:: DATA LISTING ::
(* For every $n\ge 1$, the optimal value $E(n)$ of the linear program $$\text{minimize } \sum_{u\in\mathbb{F}_2^n}x_u \quad\text{subject to}\quad 0\le x_u\le 1\ (u\in\mathbb{F}_2^n),\qquad x_v+\sum_{\substack{u\in\mathbb{F}_2^n,\ u\supset v\\ \mathrm{dist}(u,v)=1}}x_u\ \ge\ 1\ \ \text{for all } v\in\mathbb{F}_2^n,$$ is $$E(n)=(-1)^n\,n!\,\{R_n(2)-R_n(1)R_{n-1}(1)\},\qquad\text{where } R_n(x)=\sum_{k=0}^n\frac{(-x)^k}{k!}.$$
   Context: Subsets of an $n$-set are identified with their indicator vectors in $\mathbb{F}_2^n$; $u\supset v$ means the support of $u$ contains the support of $v$, and dist denotes Hamming distance. $R_n(x)$ is the degree-$n$ partial sum of the Taylor series of $e^{-x}$. *)

theory Defs
  imports Complex_Main
begin

text \<open>Vectors of F_2^n are identified with subsets of {0..<n} (their supports).\<close>

definition hamming_dist :: "nat set \<Rightarrow> nat set \<Rightarrow> nat" where
  "hamming_dist u v = card ((u - v) \<union> (v - u))"

definition lp_feasible :: "nat \<Rightarrow> (nat set \<Rightarrow> real) \<Rightarrow> bool" where
  "lp_feasible n x \<longleftrightarrow>
     (\<forall>u\<in>Pow {..<n}. 0 \<le> x u \<and> x u \<le> 1) \<and>
     (\<forall>v\<in>Pow {..<n}.
        x v + (\<Sum>u\<in>{u\<in>Pow {..<n}. v \<subseteq> u \<and> hamming_dist u v = 1}. x u) \<ge> 1)"

definition lp_objective :: "nat \<Rightarrow> (nat set \<Rightarrow> real) \<Rightarrow> real" where
  "lp_objective n x = (\<Sum>u\<in>Pow {..<n}. x u)"

definition E :: "nat \<Rightarrow> real" where
  "E n = (INF x\<in>{x. lp_feasible n x}. lp_objective n x)"

definition R :: "nat \<Rightarrow> real \<Rightarrow> real" where
  "R n x = (\<Sum>k=0..n. (-x) ^ k / fact k)"

end

theory Submission
  imports Defs
begin

(* Weak LP duality, with primal and dual solutions that are constant on each level |u| = k.
   The primal solution x_u = y_|u| has y_0 = 0, y_(k+1) = (1 - y_k) / (n - k) for k + 1 < n and
   y_n = 1, so that every covering constraint below level n - 1 is tight. The dual solution
   z_v = w_|v| has w_n = 1, w_(n-1) = 0 and w_(k-1) = (1 - w_k) / k, so that every dual
   constraint above level 0 is tight. The remaining constraints, at level n - 1 (primal) and
   level 0 (dual), have vanishing multipliers w_(n-1) = 0 and y_0 = 0, so complementary
   slackness gives E(n) = sum_k C(n,k) y_k. Solving the recurrence,
   C(n,k) y_k is -(-1)^n n! times the sum of the coefficients (-1)^(a+b) / (a! b!) of
   exp(-s) exp(-t) over a = k, n - k < b <= n; apart from the term (-1)^n / n!, these are
   exactly the terms by which R_n(1) R_(n-1)(1) exceeds R_n(2). *)

definition upper_nbrs :: "nat \<Rightarrow> nat set \<Rightarrow> nat set set" where
  "upper_nbrs n v = {u\<in>Pow {..<n}. v \<subseteq> u \<and> hamming_dist u v = 1}"

definition lower_nbrs :: "nat \<Rightarrow> nat set \<Rightarrow> nat set set" where
  "lower_nbrs n u = {v\<in>Pow {..<n}. v \<subseteq> u \<and> hamming_dist u v = 1}"

lemma card_le_of_subset_lessThan: "u \<subseteq> {..<n} \<Longrightarrow> card u \<le> n"
  using card_mono[of "{..<n}" u] by simp

lemma hamming_dist_eq_1_iff_insert:
  assumes "v \<subseteq> u"
  shows "hamming_dist u v = 1 \<longleftrightarrow> (\<exists>i. i \<notin> v \<and> u = insert i v)"
proof -
  have "(u - v) \<union> (v - u) = u - v"
    using assms by blast
  then have "hamming_dist u v = card (u - v)"
    by (simp add: hamming_dist_def)
  also have "\<dots> = 1 \<longleftrightarrow> (\<exists>i. u - v = {i})"
    by (simp add: card_1_singleton_iff)
  also have "\<dots> \<longleftrightarrow> (\<exists>i. i \<notin> v \<and> u = insert i v)"
    using assms by blast
  finally show ?thesis .
qed

lemma hamming_dist_insert: "i \<notin> v \<Longrightarrow> hamming_dist (insert i v) v = 1"
  using hamming_dist_eq_1_iff_insert[of v "insert i v"] by blast

lemma upper_nbrs_eq:
  assumes "v \<subseteq> {..<n}"
  shows "upper_nbrs n v = (\<lambda>i. insert i v) ` ({..<n} - v)"
  using assms
  by (auto simp: upper_nbrs_def hamming_dist_eq_1_iff_insert[simplified] hamming_dist_insert[simplified])

lemma lower_nbrs_eq:
  assumes "u \<subseteq> {..<n}"
  shows "lower_nbrs n u = (\<lambda>i. u - {i}) ` u"
  using assms by (auto simp: lower_nbrs_def hamming_dist_eq_1_iff_insert[simplified] insert_absorb)

lemma sum_upper_nbrs_card:
  assumes "v \<subseteq> {..<n}"
  shows "(\<Sum>u\<in>upper_nbrs n v. f (card u)) = real (n - card v) * f (Suc (card v))"
proof -
  have "finite v"
    using assms finite_subset by blast
  have "inj_on (\<lambda>i. insert i v) ({..<n} - v)"
    by (auto simp: inj_on_def)
  then have "(\<Sum>u\<in>upper_nbrs n v. f (card u)) = (\<Sum>i\<in>{..<n} - v. f (card (insert i v)))"
    by (simp add: upper_nbrs_eq[OF assms] sum.reindex)
  also have "\<dots> = (\<Sum>i\<in>{..<n} - v. f (Suc (card v)))"
    using \<open>finite v\<close> by (intro sum.cong) auto
  finally show ?thesis
    using assms \<open>finite v\<close> by (simp add: card_Diff_subset)
qed

lemma sum_lower_nbrs_card:
  assumes "u \<subseteq> {..<n}"
  shows "(\<Sum>v\<in>lower_nbrs n u. f (card v)) = real (card u) * f (card u - 1)"
proof -
  have "finite u"
    using assms finite_subset by blast
  have "inj_on (\<lambda>i. u - {i}) u"
    by (auto simp: inj_on_def)
  then have "(\<Sum>v\<in>lower_nbrs n u. f (card v)) = (\<Sum>i\<in>u. f (card (u - {i})))"
    by (simp add: lower_nbrs_eq[OF assms] sum.reindex)
  also have "\<dots> = (\<Sum>i\<in>u. f (card u - 1))"
    using \<open>finite u\<close> by (intro sum.cong) auto
  finally show ?thesis
    by simp
qed

lemma sum_Pow_lessThan_card:
  "(\<Sum>u\<in>Pow {..<n}. f (card u)) = (\<Sum>k\<le>n. of_nat (n choose k) * f k)"
proof -
  have "(\<Sum>u\<in>Pow {..<n}. f (card u)) = (\<Sum>k\<le>n. \<Sum>u\<in>{u\<in>Pow {..<n}. card u = k}. f (card u))"
    by (rule sum.group[symmetric]) (auto intro: card_le_of_subset_lessThan)
  also have "\<dots> = (\<Sum>k\<le>n. of_nat (n choose k) * f k)"
  proof (rule sum.cong[OF refl])
    fix k
    have "card {u\<in>Pow {..<n}. card u = k} = n choose k"
      using n_subsets[of "{..<n}" k] by (simp add: Pow_def)
    then show "(\<Sum>u\<in>{u\<in>Pow {..<n}. card u = k}. f (card u)) = of_nat (n choose k) * f k"
      by simp
  qed
  finally show ?thesis .
qed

:: AIM OF THE EXERCISE ::
For the string "also", report how many lines of the records contain it, giving the number only.

:: REPLY TO THE TASK ::
5